Observability. Add job_type, status, attempts, and locked_by as labels to your metrics. The query you’ll run at 3 AM is: "how many jobs are currently running, per job_type, owned by workers that haven’t updated locked_until in the last 2 minutes?" That’s your stuck-job detector. Build it before the incident, not during.

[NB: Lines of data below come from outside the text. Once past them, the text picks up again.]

(* Let $f$ be a positive definite function and $W=\{w_1,\dots,w_N\}\subset V$. Then the GBF interpolation operator satisfies $$\sup_{x\in\mathcal{L}(G),\ \|x\|\le1}\|\mathrm{I}_Wx\|\le\|\mathbf{K}_{f,W}^{-1}\|\,\|\mathbf{K}_f\|\le\frac{\max_{1\le k\le n}\hat{f}_k}{\min_{1\le k\le n}\hat{f}_k}.$$
   Context: Let $G$ be a graph with vertex set $V=\{v_1,\dots,v_n\}$, symmetric non-negative weighted adjacency matrix $\mathbf{A}$, degree matrix $\mathbf{D}=\mathrm{diag}(\sum_k\mathbf{A}_{ik})$ (positive), and normalized Laplacian $\mathbf{L}=\mathbf{I}_n-\mathbf{D}^{-1/2}\mathbf{A}\mathbf{D}^{-1/2}$. Signals are vectors in $\mathcal{L}(G)\cong\mathbb{R}^n$ with euclidean norm $\|\cdot\|$ and standard basis $e_1,\dots,e_n$; matrix norms are spectral norms. Fix an orthonormal eigendecomposition $\mathbf{L}=\mathbf{U}\,\mathrm{diag}(\lambda_1,\dots,\lambda_n)\mathbf{U}^\intercal$ with columns $u_1,\dots,u_n$. Fourier transform $\hat{x}=\mathbf{U}^\intercal x$; convolution operator $\mathbf{C}_x=\mathbf{U}\,\mathrm{diag}(\hat{x})\mathbf{U}^\intercal$. For $f\in\mathcal{L}(G)$ let $(\mathbf{K}_f)_{ij}=(\mathbf{C}_{e_j}f)(v_i)$; $f$ is a positive definite function if $\mathbf{K}_f$ is symmetric strictly positive definite. For distinct nodes $w_k=v_{j_k}$, $k=1,\dots,N$, let $\mathbf{K}_{f,W}\in\mathbb{R}^{N\times N}$, $(\mathbf{K}_{f,W})_{kl}=(\mathbf{C}_{e_{j_l}}f)(w_k)$; the GBF interpolant is $\mathrm{I}_Wx=\sum_{k=1}^Nc_k\mathbf{C}_{e_{j_k}}f$ where $\mathbf{K}_{f,W}c=(x(w_1),\dots,x(w_N))^\intercal$. *)

theory Defs
  imports "HOL-Analysis.Analysis"
begin
lemma det_gram_pos:
  fixes w :: "nat \<Rightarrow> real^4"
  assumes indep: "\<And>x k. (\<Sum>i<4. x i *\<^sub>R w i) = 0 \<Longrightarrow> k < 4 \<Longrightarrow> x k = 0"
  shows "det (gram w) > 0"
proof -
  define e :: "nat \<Rightarrow> 4"
    where "e k = (if k = 0 then 1 else if k = 1 then 2 else if k = 2 then 3 else 4)" for k
  define V where "V = Matrix.mat 4 4 (\<lambda>(i,k). w i $ e k)"
  have V: "V \<in> carrier_mat 4 4" by (simp add: V_def)
  have entry: "(\<Sum>k<4. w i $ e k * w j $ e k) = w i \<bullet> w j" for i j
    by (simp add: lessThan_4 inner_vec_def sum_4 e_def)
  have gram: "gram w = V * V\<^sup>T"
    by (rule eq_matI) (use V in \<open>auto simp: gram_def V_def scalar_prod_def atLeast0LessThan entry\<close>)
  have "det V \<noteq> 0"
  proof
    assume "det V = 0"
    then have "det (V\<^sup>T) = 0" using det_transpose[OF V] by simp
    then obtain x where x: "x \<in> carrier_vec 4" "x \<noteq> 0\<^sub>v 4" "V\<^sup>T *\<^sub>v x = 0\<^sub>v 4"
      using det_0_iff_vec_prod_zero[of "V\<^sup>T" 4] V by auto
    have coord: "(\<Sum>i<4. Matrix.vec_index x i * w i $ e k) = 0" if "k < 4" for k
    proof -
      have "Matrix.vec_index (V\<^sup>T *\<^sub>v x) k = 0" using x(3) that by simp
      then show ?thesis using that x(1) V by (simp add: V_def scalar_prod_def atLeast0LessThan mult.commute)
    qed
    have "(\<Sum>i<4. Matrix.vec_index x i *\<^sub>R w i) = 0"
    proof -
      have "(\<Sum>i<4. Matrix.vec_index x i *\<^sub>R w i) $ e k = 0" if "k < 4" for k
        using coord[OF that] by simp
      from this[of 0] this[of 1] this[of 2] this[of 3] show ?thesis
        unfolding Finite_Cartesian_Product.vec_eq_iff forall_4 by (simp add: e_def)
    qed
    then have "x = 0\<^sub>v 4" using indep x(1) by (intro eq_vecI) auto
    with x(2) show False by simp
  qed
  moreover have "det (gram w) = det V * det V"
  proof -
    have "V\<^sup>T \<in> carrier_mat 4 4" using V by simp
    then show ?thesis unfolding gram using det_mult[OF V] det_transpose[OF V] by simp
  qed
  ultimately show ?thesis by (metis not_real_square_gt_zero)
qed

lemma det_gram_pos_if_pairing_diagonal:
  fixes w q :: "nat \<Rightarrow> real^4"
  assumes "\<And>i j. i < 4 \<Longrightarrow> j < 4 \<Longrightarrow> i \<noteq> j \<Longrightarrow> i \<noteq> m \<Longrightarrow> w i \<bullet> q j = 0"
    and "\<And>i. i < 4 \<Longrightarrow> w i \<bullet> q i \<noteq> 0"
  shows "det (gram w) > 0"
proof (rule det_gram_pos)
  fix x :: "nat \<Rightarrow> real" and k :: nat
  assume "(\<Sum>i<4. x i *\<^sub>R w i) = 0" "k < 4"
  then show "x k = 0" using assms by (rule lincomb_coeff_eq_0_if_pairing_diagonal[rotated 2])
qed

text \<open>Replacing the vector of row i by a unit vector orthogonal to the others turns row and
  column i of the Gram matrix into a unit vector, leaving only the cofactor.\<close>

lemma cofactor_gram_eq_det_gram_update:
  fixes v :: "nat \<Rightarrow> real^4"
  assumes i: "i < 4" and q: "norm q = 1" and orth: "\<And>j. j < 4 \<Longrightarrow> j \<noteq> i \<Longrightarrow> v j \<bullet> q = 0"
  shows "cofactor (gram v) i i = det (gram (v(i := q)))"
proof -
  let ?G = "gram (v(i := q))"
  have row: "?G $$ (i, j) = (if j = i then 1 else 0)" if "j < 4" for j
    using that i q orth[of j] by (simp add: gram_def inner_commute norm_eq_1)
  have "mat_delete ?G i i = mat_delete (gram v) i i"
    unfolding gram_def mat_delete_mat by (rule eq_matI) auto
  then have "cofactor (gram v) i i = cofactor ?G i i" by (simp add: cofactor_def)
  also have "\<dots> = (\<Sum>j<4. if j = i then cofactor ?G i j else 0)"
    using i by simp
  also have "\<dots> = (\<Sum>j<4. ?G $$ (i, j) * cofactor ?G i j)"
    by (rule sum.cong) (auto simp: row)
  also have "\<dots> = det ?G"
    by (rule laplace_expansion_row[symmetric, OF _ i]) (simp add: gram_def)
  finally show ?thesis .
qed

lemma tetra_coeffs_unique:
  fixes p :: "nat \<Rightarrow> real^4"
  assumes tet: "spherical_tetrahedron p"
    and eq: "(\<Sum>j<4. a j *\<^sub>R p j) = (\<Sum>j<4. b j *\<^sub>R p j)" and k: "k < 4"
  shows "a k = b k"
proof (rule ccontr)
  assume ne: "a k \<noteq> b k"
  have inj: "inj_on p {..<4}" and ind: "independent (p ` {..<4})"
    using tet by (auto simp: spherical_tetrahedron_def)
  define u where "u x = a (inv_into {..<4} p x) - b (inv_into {..<4} p x)" for x
  have "(\<Sum>x\<in>p ` {..<4}. u x *\<^sub>R x) = (\<Sum>j<4. u (p j) *\<^sub>R p j)"
    by (rule sum.reindex[OF inj, unfolded comp_def])
  also have "\<dots> = (\<Sum>j<4. a j *\<^sub>R p j) - (\<Sum>j<4. b j *\<^sub>R p j)"
    by (simp add: u_def inv_into_f_f[OF inj] scaleR_diff_left sum_subtractf)
  finally have "(\<Sum>x\<in>p ` {..<4}. u x *\<^sub>R x) = 0" using eq by simp
  moreover have "u (p k) \<noteq> 0" using ne k by (simp add: u_def inv_into_f_f[OF inj])
  ultimately have "dependent (p ` {..<4})"
    using k by (subst dependent_finite) auto
  with ind show False by simp
qed

lemma tetra_set_coeff_nonneg:
  fixes p :: "nat \<Rightarrow> real^4"
  assumes tet: "spherical_tetrahedron p"
    and mem: "(\<Sum>j<4. c j *\<^sub>R p j) \<in> tetra_set p" and k: "k < 4"
  shows "c k \<ge> 0"
proof -
  obtain t where "\<forall>i<4. t i \<ge> 0" "(\<Sum>j<4. c j *\<^sub>R p j) = (\<Sum>j<4. t j *\<^sub>R p j)"
    using mem unfolding tetra_set_def by blast
  with tetra_coeffs_unique[OF tet _ k] k show ?thesis by metis
qed

lemma vertex_in_tetra_set:
  fixes p :: "nat \<Rightarrow> real^4"
  assumes tet: "spherical_tetrahedron p" and k: "k < 4"
  shows "p k \<in> tetra_set p"
  unfolding tetra_set_def
proof (intro CollectI conjI exI[of _ "\<lambda>i. if i = k then 1 else 0"])
  show "norm (p k) = 1" using tet k by (simp add: spherical_tetrahedron_def)
  show "\<forall>i<4. 0 \<le> (if i = k then 1 else (0::real))" by simp
  have "(\<Sum>i<4. (if i = k then 1 else 0) *\<^sub>R p i) = (\<Sum>i<4. if i = k then p i else 0)"
    by (rule sum.cong) auto
  also have "\<dots> = p k" using k by simp
  finally show "p k = (\<Sum>i<4. (if i = k then 1 else 0) *\<^sub>R p i)" by simp
qed

lemma orthogonal_to_vertices_eq_0:
  fixes p :: "nat \<Rightarrow> real^4"
  assumes tet: "spherical_tetrahedron p" and orth: "\<And>j. j < 4 \<Longrightarrow> x \<bullet> p j = 0"
  shows "x = 0"
proof -
  have inj: "inj_on p {..<4}" and ind: "independent (p ` {..<4})"
    using tet by (auto simp: spherical_tetrahedron_def)
  have "card (p ` {..<4}) = dim (UNIV :: (real^4) set)" using card_image[OF inj] by simp
  then have "UNIV \<subseteq> span (p ` {..<4})"
    using card_eq_dim[of "p ` {..<4}" UNIV] ind by auto
  then have "x \<in> span (p ` {..<4})" by auto
  then have "Linear_Algebra.orthogonal x x"
    by (rule orthogonal_to_span) (use orth in \<open>auto simp: Linear_Algebra.orthogonal_def\<close>)
  then show ?thesis by (simp add: orthogonal_self)
qed

lemma outer_normal_unique:
  fixes p :: "nat \<Rightarrow> real^4"
  assumes tet: "spherical_tetrahedron p" and i: "i < 4"
    and u: "outer_normal p i u" and w: "outer_normal p i w"
  shows "u = w"
proof -
  have "(w \<bullet> p i) *\<^sub>R u - (u \<bullet> p i) *\<^sub>R w = 0"
  proof (rule orthogonal_to_vertices_eq_0[OF tet])
    fix j :: nat assume "j < 4"
    then show "((w \<bullet> p i) *\<^sub>R u - (u \<bullet> p i) *\<^sub>R w) \<bullet> p j = 0"
      using u w by (cases "j = i") (auto simp: outer_normal_def inner_diff_left)
  qed
  then have e: "(w \<bullet> p i) *\<^sub>R u = (u \<bullet> p i) *\<^sub>R w" by simp
  have "\<bar>w \<bullet> p i\<bar> = \<bar>u \<bullet> p i\<bar>"
    using arg_cong[OF e, of norm] u w by (simp add: outer_normal_def)
  moreover have "w \<bullet> p i < 0" "u \<bullet> p i < 0" using u w by (simp_all add: outer_normal_def)
  ultimately have "w \<bullet> p i = u \<bullet> p i" by simp
  with e show ?thesis using u by (simp add: outer_normal_def)
qed

lemma outer_normal_orthogonal_transformation:
  fixes p :: "nat \<Rightarrow> real^4"
  assumes R: "orthogonal_transformation R" and s: "s permutes {..<4}"
    and Rp: "\<And>j. j < 4 \<Longrightarrow> R (p j) = p (s j)"
    and i: "i < 4" and w: "outer_normal p i w"
  shows "outer_normal p (s i) (R w)"
proof -
  have pair: "R w \<bullet> p (s j) = w \<bullet> p j" if "j < 4" for j
    using R Rp[OF that] by (metis orthogonal_transformation_def)
  have "R w \<bullet> p k = 0" if k: "k < 4" "k \<noteq> s i" for k
  proof -
    have "Hilbert_Choice.inv s k < 4" "s (Hilbert_Choice.inv s k) = k"
      using s k permutes_in_image[OF permutes_inv[OF s]] permutes_inverses[OF s] by auto
    then show ?thesis
      using pair[of "Hilbert_Choice.inv s k"] w k unfolding outer_normal_def by metis
  qed
  moreover have "R w \<bullet> p (s i) < 0" using pair[OF i] w by (simp add: outer_normal_def)
  ultimately show ?thesis
    using w R by (simp add: outer_normal_def orthogonal_transformation_norm)
qed

section \<open>The half-turn of a Z2-symmetric tetrahedron\<close>

definition reflection_through :: "'a::euclidean_space set \<Rightarrow> ('a \<Rightarrow> 'a) \<Rightarrow> bool" where
  "reflection_through S R \<longleftrightarrow> linear R \<and> (\<forall>x\<in>span S. R x = x) \<and>
     (\<forall>x. (\<forall>w\<in>span S. x \<bullet> w = 0) \<longrightarrow> R x = - x)"

lemma reflection_through_decomp:
  assumes R: "reflection_through S R"
  obtains y z where "y \<in> span S" "\<forall>w\<in>span S. z \<bullet> w = 0" "x = y + z" "R x = y - z"
proof -
  obtain y z where y: "y \<in> span S" and z: "\<And>w. w \<in> span S \<Longrightarrow> Linear_Algebra.orthogonal z w"
    and x: "x = y + z"
    using orthogonal_subspace_decomp_exists[of S x] by blast
  have z': "\<forall>w\<in>span S. z \<bullet> w = 0" using z by (simp add: Linear_Algebra.orthogonal_def)
  have "R x = y - z"
    using R y z' unfolding x reflection_through_def by (simp add: linear_add)
  with y z' x that show ?thesis by blast
qed

lemma reflection_through_orthogonal_transformation:
  assumes R: "reflection_through S R"
  shows "orthogonal_transformation R"
  unfolding orthogonal_transformation_def
proof (intro conjI allI)
  show "linear R" using R by (simp add: reflection_through_def)
  fix x x'
  obtain y z where y: "y \<in> span S" and z: "\<forall>w\<in>span S. z \<bullet> w = 0"
    and x: "x = y + z" and Rx: "R x = y - z"
    using reflection_through_decomp[OF R] by metis
  obtain y' z' where y': "y' \<in> span S" and z': "\<forall>w\<in>span S. z' \<bullet> w = 0"
    and x': "x' = y' + z'" and Rx': "R x' = y' - z'"
    using reflection_through_decomp[OF R] by metis
  have "z \<bullet> y' = 0" "z' \<bullet> y = 0" using z z' y y' by auto
  then have "(y - z) \<bullet> (y' - z') = (y + z) \<bullet> (y' + z')"
    by (simp add: inner_diff_left inner_diff_right inner_add_left inner_add_right inner_commute)
  then show "R x \<bullet> R x' = x \<bullet> x'" unfolding Rx Rx' by (simp add: x x')
qed

lemma reflection_through_swap:
  assumes R: "reflection_through S R" and ab: "a + b \<in> span S"
  obtains y where "y \<in> span S" "R a = b + y" "R b = a - y"
proof -
  obtain y z where y: "y \<in> span S" and x: "a - b = y + z" and Rx: "R (a - b) = y - z"
    using reflection_through_decomp[OF R] by metis
  have lin: "linear R" and sum: "R (a + b) = a + b"
    using R ab by (auto simp: reflection_through_def)
  have "2 *\<^sub>R R a = R (a + b) + R (a - b)"
    using lin by (simp add: linear_add linear_diff scaleR_2)
  also have "\<dots> = 2 *\<^sub>R (b + y)"
    unfolding sum Rx using x by (simp add: algebra_simps scaleR_2 eq_diff_eq)
  finally have Ra: "R a = b + y" by simp
  have "R b = R (a + b) - R a" using lin by (simp add: linear_add)
  then have "R b = a - y" unfolding sum Ra by simp
  with y Ra that show ?thesis by blast
qed
(* Let $n,k$ be natural numbers with $2k\le n$, and let $N_{n,k}$ be the reflexive graph on vertex set $\{1,\dots,n\}$ with edge set $\{\{i,j\}:1\le i\le j\le n\}\setminus\{\{1,2\},\{3,4\},\dots,\{2k-1,2k\}\}$. Every proper homomorphic image of $N_{n,k}$ (i.e. every reflexive graph $H$ for which there is a non-injective surjective homomorphism $N_{n,k}\to H$) is isomorphic to $N_{m,l}$ for some $m,l$ with $2l<m$.
   Context: Graphs here are reflexive: a set with a symmetric edge relation having a loop at every vertex. A homomorphism maps edges to edges (and may collapse edges or non-edges to single vertices). The graphs $N_{n,k}$ are called subcomplete; $N_{2k,k}$ are proper subcomplete and $N_{n,k}$ with $2k<n$ are partial subcomplete. *)

theory Defs
  imports Main
begin

definition refl_graph :: "'a set \<Rightarrow> ('a \<Rightarrow> 'a \<Rightarrow> bool) \<Rightarrow> bool" where
  "refl_graph V E \<longleftrightarrow>
     (\<forall>x y. E x y \<longrightarrow> x \<in> V \<and> y \<in> V) \<and>
     (\<forall>x y. E x y \<longrightarrow> E y x) \<and>
     (\<forall>x\<in>V. E x x)"

definition graph_hom ::
  "'a set \<Rightarrow> ('a \<Rightarrow> 'a \<Rightarrow> bool) \<Rightarrow> 'b set \<Rightarrow> ('b \<Rightarrow> 'b \<Rightarrow> bool) \<Rightarrow> ('a \<Rightarrow> 'b) \<Rightarrow> bool" where
  "graph_hom V E V' E' f \<longleftrightarrow>
     (\<forall>x\<in>V. f x \<in> V') \<and> (\<forall>x\<in>V. \<forall>y\<in>V. E x y \<longrightarrow> E' (f x) (f y))"

definition graph_iso ::
  "'a set \<Rightarrow> ('a \<Rightarrow> 'a \<Rightarrow> bool) \<Rightarrow> 'b set \<Rightarrow> ('b \<Rightarrow> 'b \<Rightarrow> bool) \<Rightarrow> ('a \<Rightarrow> 'b) \<Rightarrow> bool" where
  "graph_iso V E V' E' f \<longleftrightarrow>
     bij_betw f V V' \<and> (\<forall>x\<in>V. \<forall>y\<in>V. E x y \<longleftrightarrow> E' (f x) (f y))"

definition graph_isomorphic ::
  "'a set \<Rightarrow> ('a \<Rightarrow> 'a \<Rightarrow> bool) \<Rightarrow> 'b set \<Rightarrow> ('b \<Rightarrow> 'b \<Rightarrow> bool) \<Rightarrow> bool" where
  "graph_isomorphic V E V' E' \<longleftrightarrow> (\<exists>f. graph_iso V E V' E' f)"
lemma successively_join_at_hd:
  assumes "successively R p" "successively R q" "\<And>x y. R x y \<Longrightarrow> R y x"
    and "p \<noteq> []" "q \<noteq> []" "hd p = hd q"
  shows "successively R (rev p @ tl q) \<and> rev p @ tl q \<noteq> [] \<and> hd (rev p @ tl q) = last p
     \<and> last (rev p @ tl q) = last q \<and> set (rev p @ tl q) \<subseteq> set p \<union> set q"
proof -
  obtain t where t: "q = hd p # t" using assms(5,6) by (cases q) auto
  have "successively R (rev p)"
    using assms(1,3) by (simp add: successively_mono[of _ p])
  moreover have "t = [] \<or> R (hd p) (hd t) \<and> successively R t"
    using assms(2) t by (metis successively_Cons)
  ultimately have "successively R (rev p @ t)"
    using assms(4) by (auto simp: successively_append_iff last_rev)
  moreover have "last (rev p @ t) = last q"
    using t assms(4) by (cases "t = []") (auto simp: last_rev)
  ultimately show ?thesis using t assms(4) by (auto simp: hd_rev)
qed

lemma last_notin_set_butlast: "distinct xs \<Longrightarrow> last xs \<notin> set (butlast xs)"
  by (cases xs rule: rev_cases) auto

lemma set_subset_hd_last_butlast_tl: "set xs \<subseteq> {hd xs, last xs} \<union> set (butlast (tl xs))"
proof (cases xs rule: rev_cases)
  case (snoc ys y)
  then show ?thesis by (cases ys) (auto simp: butlast_tl)
qed simp
(* Let $d\ge 2$ and $F\in(0,1)$, and let $\rho_{\mathrm{dp}}(F)=F|\mathrm{GHZ}_d\rangle\langle\mathrm{GHZ}_d|+\frac{1-F}{2^d-1}\big(I-|\mathrm{GHZ}_d\rangle\langle\mathrm{GHZ}_d|\big)$ be the $d$-qubit depolarized GHZ state, where $|\mathrm{GHZ}_d\rangle=(|0\cdots0\rangle+|1\cdots1\rangle)/\sqrt2$. Let $C(F)=\sum_s\frac{4\lambda^+_s\lambda^-_s}{\lambda^+_s+\lambda^-_s}$ be computed from the eigenvalues $\lambda^\pm_s$ of $\rho_{\mathrm{dp}}(F)$ on the GHZ basis states $|G^\pm_s\rangle$, and let $\eta(F)=d(1-C(F))$. Define $$F_{\mathrm{th,dp}}=2^{-d}+\frac{(2^d-1)\left(2^d-2+\sqrt{(2^d-2)^2+2^{d+3}d}\right)}{2^{2d+1}d}.$$ Then $\eta(F)>1$ if and only if $F>F_{\mathrm{th,dp}}$.
   Context: GHZ basis on $d$ qubits: for a bit string $s\in\{0,1\}^d$ with complement $\bar s$, and one representative $s$ chosen from each pair $\{s,\bar s\}$, set $|G^\pm_s\rangle=(|s\rangle\pm|\bar s\rangle)/\sqrt2$; these $2^d$ states form an orthonormal basis and $\rho_{\mathrm{dp}}(F)$ is diagonal in it, with eigenvalue $\lambda^\pm_s$ on $|G^\pm_s\rangle$; the sum defining $C$ runs over the $2^{d-1}$ representatives. Interpretation: $\eta(F)$ is the ratio of the quantum Fisher information $d(1-C)$ for estimating $\theta_1=\frac{1}{\sqrt d}\sum_{i}x_i$ (with the phases $x_i$ encoded by $U(x)=\exp[-\frac{i}{2}\sum_i x_i\sigma_z^{(i)}]$) to the value $1$ achieved by the optimal local strategy, so $\eta>1$ means quantum advantage. *)

theory Defs
  imports Complex_Main
begin

text \<open>Computational basis of d qubits: bit strings = bool lists of length d.
  States/operators are real-valued functions on bit strings (all amplitudes here are real).\<close>

definition bitstrings :: "nat \<Rightarrow> bool list set" where
  "bitstrings d = {s. length s = d}"

definition comp :: "bool list \<Rightarrow> bool list" where
  "comp s = map Not s"

definition ket :: "bool list \<Rightarrow> bool list \<Rightarrow> real" where
  "ket s = (\<lambda>t. if t = s then 1 else 0)"

definition ghz :: "nat \<Rightarrow> bool list \<Rightarrow> real" where
  "ghz d = (\<lambda>t. (ket (replicate d False) t + ket (replicate d True) t) / sqrt 2)"

definition proj :: "(bool list \<Rightarrow> real) \<Rightarrow> bool list \<Rightarrow> bool list \<Rightarrow> real" where
  "proj v = (\<lambda>a b. v a * v b)"

definition ident :: "bool list \<Rightarrow> bool list \<Rightarrow> real" where
  "ident = (\<lambda>a b. if a = b then 1 else 0)"

definition rho_dp :: "nat \<Rightarrow> real \<Rightarrow> bool list \<Rightarrow> bool list \<Rightarrow> real" where
  "rho_dp d F = (\<lambda>a b. F * proj (ghz d) a b
      + (1 - F) / (2 ^ d - 1) * (ident a b - proj (ghz d) a b))"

Don’t poll at 100ms. Workers polling the job table at high frequency hammers Postgres with empty queries during quiet periods. Use pg_notify / LISTEN / NOTIFY to wake workers when a new job is inserted, and fall back to a 5s poll as a safety net. Your DBA will thank you.

Putting a Number on It

This architecture handles ~10k job enqueues/sec on a Postgres instance with 16 vCPUs, assuming your jobs themselves aren’t CPU-bound on the DB. Bottlenecks appear in the index on job_queue first — partition that table by status or created_at once you hit tens of millions of rows. For higher throughput, drop the job queue into a proper message broker (NATS JetStream, RabbitMQ, Kafka) and keep Postgres only for leader election and dedup tracking. The coordination patterns stay identical.

The full working example — migrations, scheduler, worker, Docker Compose, tests — lives at github.com/example/distributed-job-scheduler. Copy it, break it, build on it.